London is an ever-changing city and testament to that is Knightrider Street. Today it is a rather insignificant alley but in its prime was a major City thoroughfare. In its modern incarnation it runs parallel to Carter Lane to the north and Queen Victoria Street, running from Addle Hill in the west to Peter’s Hill in the east. Formerly, it was much longer, extending further east and, possibly, running into Queen Victoria Street, although this is far from certain, and marked the boundary between a number of City wards. How times have changed.

The street first appeared in documents as far back as 1322, where it appeared as Knyghtrdestrete. The inestimable antiquarian, John Stow, gave an explanation of how the name came about, in his 1598 Survey of London. According to Stow, it “was so called (as is supposed) of Knights well armed and mounted at the Tower Royall, ryding from thence through that street, west to Creede Lane, and so out at Ludgate towards Smithfield when they were there to turney, joust or otherwise to shew activities before the king and states of Realme.”

Others doubt the veracity of Stow’s explanation, charming as it is to imagine knights of the realm riding out in all their splendour for a session at the jousting lists. The problem is that knightrider didn’t exist as a word at the time. In Middle English rider was synonymous with a knight and, perhaps, the street was simply called Rider Street with Knight added as a prefix at a later date, when the association between rider and knight was blurred. Who knows?

The middle section of the street was known as Old Fish Street and at least from the 12th century there was a fish market, piscaria, there. This alone suggests that the thoroughfare, irrespective of its name, dated to that period, if not well before.
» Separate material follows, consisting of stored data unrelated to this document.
text \<open>With \<open>c\<close> on \<open>V\<close> and \<open>\<partial>c = z\<close>, the fractional parts of the coefficients of \<open>m c\<close> repeat for two
  values of \<open>m\<close>, since their boundaries are integral and bounded; the difference of the two
  multiples of \<open>c\<close> is integral.\<close>

lemma int_multiple_in_bounds_dm1:
  fixes bd :: "'d::finite \<Rightarrow> 'e::finite \<Rightarrow> int"
  assumes V: "spanning_forest bd V" and z: "rbdry bd c = (\<lambda>t. real_of_int (z t))"
  shows "\<exists>k>0. (\<lambda>t. k * z t) \<in> bounds_dm1 bd V"
proof -
  obtain c' where c': "supported_on c' V" "rbdry bd c' = (\<lambda>t. real_of_int (z t))"
    using spanning_forest_obtain[OF V, of c] z by metis
  define zz where "zz m = (\<lambda>t. int m * z t - ibdry bd (\<lambda>s. \<lfloor>real m * c' s\<rfloor>) t)" for m :: nat
  have scaled: "rbdry bd (\<lambda>s. real m * c' s) = (\<lambda>t. real_of_int (int m * z t))" for m
    unfolding rbdry_scale c' by simp
  have zz_bounded: "zz m \<in> {z. \<forall>t. \<bar>z t\<bar> \<le> bd_abs_sum bd}" for m
    using abs_diff_ibdry_floor_le[OF scaled[of m]] unfolding zz_def by simp
  have "\<not> inj zz"
    using finite_subset[OF _ finite_bounded_int_funs[of "bd_abs_sum bd"]] zz_bounded
    by (metis finite_imageD image_subsetI infinite_UNIV_nat)
  then obtain a b where ab: "a < b" "zz a = zz b"
    unfolding inj_def by (metis linorder_neqE_nat)
  have "rbdry bd (\<lambda>s. frac (real m * c' s)) = (\<lambda>t. real_of_int (zz m t))" for m
    unfolding frac_def rbdry_diff rbdry_of_int rbdry_scale c' zz_def by simp
  then have "(\<lambda>s. frac (real a * c' s)) = (\<lambda>s. frac (real b * c' s))"
    using V c'(1) ab(2) unfolding spanning_forest_def inj_on_def supported_on_def by auto
  then have ci: "(\<lambda>s. real_of_int (\<lfloor>real b * c' s\<rfloor> - \<lfloor>real a * c' s\<rfloor>)) = (\<lambda>s. real (b - a) * c' s)"
    using ab(1) by (auto simp: frac_def fun_eq_iff algebra_simps)
  have "(\<lambda>t. real_of_int (ibdry bd (\<lambda>s. \<lfloor>real b * c' s\<rfloor> - \<lfloor>real a * c' s\<rfloor>) t)) =
      (\<lambda>t. real_of_int (int (b - a) * z t))"
    unfolding rbdry_of_int[symmetric] ci rbdry_scale c'(2) by simp
  then have "ibdry bd (\<lambda>s. \<lfloor>real b * c' s\<rfloor> - \<lfloor>real a * c' s\<rfloor>) = (\<lambda>t. int (b - a) * z t)"
    by (simp only: fun_eq_iff of_int_eq_iff) blast
  moreover have "supported_on (\<lambda>s. \<lfloor>real b * c' s\<rfloor> - \<lfloor>real a * c' s\<rfloor>) V"
    using c'(1) unfolding supported_on_def by simp
  ultimately show ?thesis
    using ab(1) unfolding bounds_dm1_def by (intro exI[of _ "int (b - a)"]) force
qed

lemma torsion_cycles_eq_real_bounding_cycles:
  fixes bd :: "'d::finite \<Rightarrow> 'e::finite \<Rightarrow> int"
  assumes V: "spanning_forest bd V"
  shows "{z \<in> cycles_dm1 bd'. \<exists>k::int. k > 0 \<and> (\<lambda>t. k * z t) \<in> bounds_dm1 bd V} = real_bounding_cycles bd bd'"
proof (intro equalityI subsetI)
  fix z assume "z \<in> {z \<in> cycles_dm1 bd'. \<exists>k::int. k > 0 \<and> (\<lambda>t. k * z t) \<in> bounds_dm1 bd V}"
  then obtain k ci where z: "z \<in> cycles_dm1 bd'" "k > 0" "(\<lambda>t. k * z t) = ibdry bd ci"
    unfolding bounds_dm1_def by auto
  have "rbdry bd (\<lambda>s. (1 / real_of_int k) * real_of_int (ci s)) = (\<lambda>t. real_of_int (z t))"
    unfolding rbdry_scale rbdry_of_int z(3)[symmetric] using z(2) by simp
  then show "z \<in> real_bounding_cycles bd bd'" unfolding real_bounding_cycles_def using z(1) by blast
next
  fix z assume "z \<in> real_bounding_cycles bd bd'"
  then show "z \<in> {z \<in> cycles_dm1 bd'. \<exists>k::int. k > 0 \<and> (\<lambda>t. k * z t) \<in> bounds_dm1 bd V}"
    using int_multiple_in_bounds_dm1[OF V] unfolding real_bounding_cycles_def by blast
qed

lemma torsion_order_eq_card_int_cosets:
  "spanning_forest bd V \<Longrightarrow>
    torsion_order bd bd' V = card (int_coset (bounds_dm1 bd V) ` real_bounding_cycles bd bd')"
  unfolding torsion_order_def quotient_eq_int_cosets torsion_cycles_eq_real_bounding_cycles ..

lemma finite_int_cosets_real_bounding_cycles:
  fixes bd :: "'d::finite \<Rightarrow> 'e::finite \<Rightarrow> int"
  assumes V: "spanning_forest bd V"
  shows "finite (int_coset (bounds_dm1 bd V) ` real_bounding_cycles bd bd')"
proof (rule finite_subset)
  let ?B = "bounds_dm1 bd V" and ?Z = "{z. \<forall>t. \<bar>z t\<bar> \<le> bd_abs_sum bd}"
  show "int_coset ?B ` real_bounding_cycles bd bd' \<subseteq> int_coset ?B ` ?Z"
  proof
    fix Q assume "Q \<in> int_coset ?B ` real_bounding_cycles bd bd'"
    then obtain y c where y: "Q = int_coset ?B y" "rbdry bd c = (\<lambda>t. real_of_int (y t))"
      unfolding real_bounding_cycles_def by auto
    obtain c' where c': "supported_on c' V" "rbdry bd c' = (\<lambda>t. real_of_int (y t))"
      using spanning_forest_obtain[OF V, of c] y(2) by metis
    define y' where "y' = (\<lambda>t. y t - ibdry bd (\<lambda>s. \<lfloor>c' s\<rfloor>) t)"
    have "(\<lambda>t. y t - y' t) \<in> ?B"
      unfolding y'_def bounds_dm1_def using c'(1)
      by (intro CollectI exI[of _ "\<lambda>s. \<lfloor>c' s\<rfloor>"]) (simp add: supported_on_def)
    then have "Q = int_coset ?B y'"
      unfolding y(1) int_coset_eq_iff[OF int_submodule_bounds_dm1] .
    moreover have "y' \<in> ?Z" using abs_diff_ibdry_floor_le[OF c'(2)] unfolding y'_def by simp
    ultimately show "Q \<in> int_coset ?B ` ?Z" by blast
  qed
  show "finite (int_coset ?B ` ?Z)" using finite_bounded_int_funs by blast
qed

lemma torsion_order_pos:
  fixes bd :: "'d::finite \<Rightarrow> 'e::finite \<Rightarrow> int" and bd' :: "'e \<Rightarrow> 'f::finite \<Rightarrow> int"
  assumes V: "spanning_forest bd V"
  shows "0 < torsion_order bd bd' V"
proof -
  have "(\<lambda>t. 0) \<in> real_bounding_cycles bd bd'"
    unfolding real_bounding_cycles_def cycles_dm1_def ibdry_def using rbdry_zero by auto
  then show ?thesis
    unfolding torsion_order_eq_card_int_cosets[OF V]
    using finite_int_cosets_real_bounding_cycles[OF V] by (auto simp: card_gt_0_iff)
qed

definition bd_order :: "('d::finite \<Rightarrow> 'e::finite \<Rightarrow> int) \<Rightarrow> 'd set \<Rightarrow> 'd \<Rightarrow> nat" where
  "bd_order bd V e = (LEAST n. 0 < n \<and> (\<lambda>t. int n * bd e t) \<in> bounds_dm1 bd V)"

lemma bd_order_pos_mem:
  assumes "spanning_forest bd V"
  shows "0 < bd_order bd V e" "(\<lambda>t. int (bd_order bd V e) * bd e t) \<in> bounds_dm1 bd V"
proof -
  obtain k where "k > 0" "(\<lambda>t. k * bd e t) \<in> bounds_dm1 bd V"
    using int_multiple_in_bounds_dm1[OF assms rbdry_cell_chain] by blast
  then have "\<exists>n. 0 < n \<and> (\<lambda>t. int n * bd e t) \<in> bounds_dm1 bd V"
    by (intro exI[of _ "nat k"]) simp
  from LeastI_ex[OF this] show "0 < bd_order bd V e" "(\<lambda>t. int (bd_order bd V e) * bd e t) \<in> bounds_dm1 bd V"
    unfolding bd_order_def by simp_all
qed

lemma bd_order_le: "0 < n \<Longrightarrow> (\<lambda>t. int n * bd e t) \<in> bounds_dm1 bd V \<Longrightarrow> bd_order bd V e \<le> n"
  unfolding bd_order_def by (rule Least_le) simp

lemma card_int_cosets_insert:
  fixes bd :: "'d::finite \<Rightarrow> 'e::finite \<Rightarrow> int"
  assumes chain_complex: "\<And>s u. (\<Sum>t\<in>UNIV. bd s t * bd' t u) = 0"
    and V: "spanning_forest bd V" and s: "s \<notin> V"
  shows "card (int_coset (bounds_dm1 bd V) ` real_bounding_cycles bd bd') =
    bd_order bd V s * card (int_coset (bounds_dm1 bd (insert s V)) ` real_bounding_cycles bd bd')"
  unfolding bounds_dm1_insert[OF s]
proof (rule card_int_cosets_span_insert[OF int_submodule_bounds_dm1 bd_order_pos_mem[OF V]])
  show "(\<lambda>t. int m * bd s t) \<notin> bounds_dm1 bd V" if "0 < m" "m < bd_order bd V s" for m
    using bd_order_le[of m] that by fastforce
  show "(\<lambda>t. y t + m * bd s t) \<in> real_bounding_cycles bd bd'" if "y \<in> real_bounding_cycles bd bd'" for y m
    by (rule real_bounding_cycles_add_bd[OF chain_complex that])
  show "finite (int_coset (bounds_dm1 bd V) ` real_bounding_cycles bd bd')"
    by (rule finite_int_cosets_real_bounding_cycles[OF V])
qed

lemma exchange_coeff_nonzero:
  assumes V2: "spanning_forest bd (insert e W)" and eW: "e \<notin> W" and ek: "e \<noteq> k"
    and c: "supported_on c (insert k W)" "rbdry bd c = rbdry bd (cell_chain e)"
  shows "c k \<noteq> 0"
proof
  assume "c k = 0"
  then have "supported_on c (insert e W)" using c(1) unfolding supported_on_def by auto
  then have "c = cell_chain e"
    using spanning_forest_unique[OF V2 _ supported_on_cell_chain c(2)] by simp
  then show False using supported_onD[OF c(1), of e] eW ek by (simp add: cell_chain_def)
qed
Visitors to the street will find, if they walk eastwards, crossing Godliman Street, on their left-hand side The Centre Page pub at no 29, previously the Horn Tavern until the name change in 2002. It has a name check in Pepys’ diaries, Samuel noting on April 13th 1663 “and so I called at the wardrobe on my way home and there spoke at the Horn Tavern with Mr Moore a word or two.” Guy Fawkes is also said to have met there, whilst plotting to blow up the Houses of Parliament, suggesting that it was well established before Pepys’ visit.

The pub was badly damaged during the Great Fire but was rebuilt, operating as a fashionable coffee-house, where the Free and Easy under the Rose Society, a form of Freemasons, met from 1758, as well as a tavern. It was here, according to Dickens’ Pickwick Papers, that Winkle, Snodgrass and Tupman sent out for “a bottle or two of very good wine” to sustain their leader during his sojourn in Fleet prison. It was damaged during the blitz but dusted itself down and got back into business. If you visit it these days you will find that there is a corner dedicated to David Hasselhoff, for obvious reasons.

Thomas Linacre lived in the Stone House on the street and it was there that he founded the College of Physicians on September 23rd 1518. Its powers to regulate physicians were extended to cover all of England, not just London, by Act of Parlaiment in 1523. Stow notes that a public lecture in what he termed as Chirugerie was given there every Wednesday and Friday, a custom which was instituted on 6th May 1584.

Stow also noted that from 1570 Doctors of “the Ciuill Law and Arches” kept quarters, known as Doctors’ Commons, and lodged on the street, probably where the BT Faraday building is today. The Commons were destroyed in the Great Fire but rebuilt shortly thereafter, before being demolished in 1867.

Time has not served this street well, methinks.